Budget Development – Step Two

The purpose of Step Two is to allow church ministers and lay leaders to know “how much they will have to work with.”   This is extremely important on two levels:

If ministers are given too low a figure, they may become discouraged even before the fiscal year begins.  They may begin to think and mull questions like these in their minds:

“Do they think I am a miracle worker?

 “This is an impossible task.”

“What’s the point?”

“I think I may be at the wrong church”.

On the other hand, if the ministers are given an unrealistically high amount to work with they will most assuredly become discouraged during the fiscal year.  This is a frequent occurrence with the “dream big” budget method.  Often, the ministers do exactly what they were asked, dream big.  And usually, the dreams are bigger than the resources.  The inevitable result will be failure which may breed discouragement. Dissension may not be far behind. 

The best way to avoid this is to start with what you’ve got!  Try to project what the church’s revenues will be for the upcoming year.  Do not simply increase last year’s budget as things might have changed significantly since then. Try to use “real” giving numbers. 

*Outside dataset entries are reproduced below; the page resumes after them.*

(* Every complex number of modulus at most 2 is the sum of two unit complex numbers:
   cis (Arg w + beta) + cis (Arg w - beta) = 2 cos beta * cis (Arg w). *)
lemma sum_of_two_cis:
  fixes w :: complex
  assumes "cmod w \<le> 2"
  shows "\<exists>\<alpha> \<beta>. w = cis \<alpha> + cis \<beta>"
proof -
  define \<beta> where "\<beta> = arccos (cmod w / 2)"
  have "cos \<beta> = cmod w / 2"
    unfolding \<beta>_def using assms norm_ge_zero[of w] by (intro cos_arccos) linarith+
  then have "cis (Arg w + \<beta>) + cis (Arg w - \<beta>) = rcis (cmod w) (Arg w)"
    by (simp add: rcis_def cis.ctr cos_add cos_diff sin_add sin_diff complex_eq_iff algebra_simps)
  then show ?thesis by (metis rcis_cmod_Arg)
qed

definition periods :: "'a::monoid_add set \<Rightarrow> 'a set" where
  "periods S = {v. \<forall>t\<in>S. t + v \<in> S}"

lemma zero_in_periods: "0 \<in> periods S"
  by (simp add: periods_def)

lemma periods_add: "u \<in> periods S \<Longrightarrow> v \<in> periods S \<Longrightarrow> u + v \<in> periods S"
  by (simp add: periods_def add.assoc[symmetric])

lemma periods_subset: "0 \<in> S \<Longrightarrow> periods S \<subseteq> S"
  by (force simp: periods_def)

lemma nat_multiples_in_additive_monoid:
  fixes P :: "'a::semiring_1 set"
  assumes "0 \<in> P" and "\<And>u v. u \<in> P \<Longrightarrow> v \<in> P \<Longrightarrow> u + v \<in> P" and "v \<in> P"
  shows "of_nat n * v \<in> P"
  by (induction n) (simp_all add: assms distrib_right)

Just like the investment advisor’s standard warning, “Past results do not guarantee future results”, what happened in previous years may not happen in the next year at a church.  But, past giving activity is a good place to start.  First, take a look at the church’s receipts over the last three years or so.  Also, take a good look at attendance levels to see if any noticeable trends are present there as well.  Combine these two data points to make as good a prediction as possible of what the church expects to receive in offerings in the next year.

Next, the church should turn its attention to the expense side of the ledger.  The first step in this process is to calculate the cost of simply “keeping the doors open”.  In most churches this will consist of personnel costs, facilities costs, and denominational commitments.  Deducting these costs from the projected revenues results in a more realistic estimate of the dollars the church has available for ministry.  Ministers then should have a realistic idea of how much money they have to work with to carry out their particular part of the church’s mission.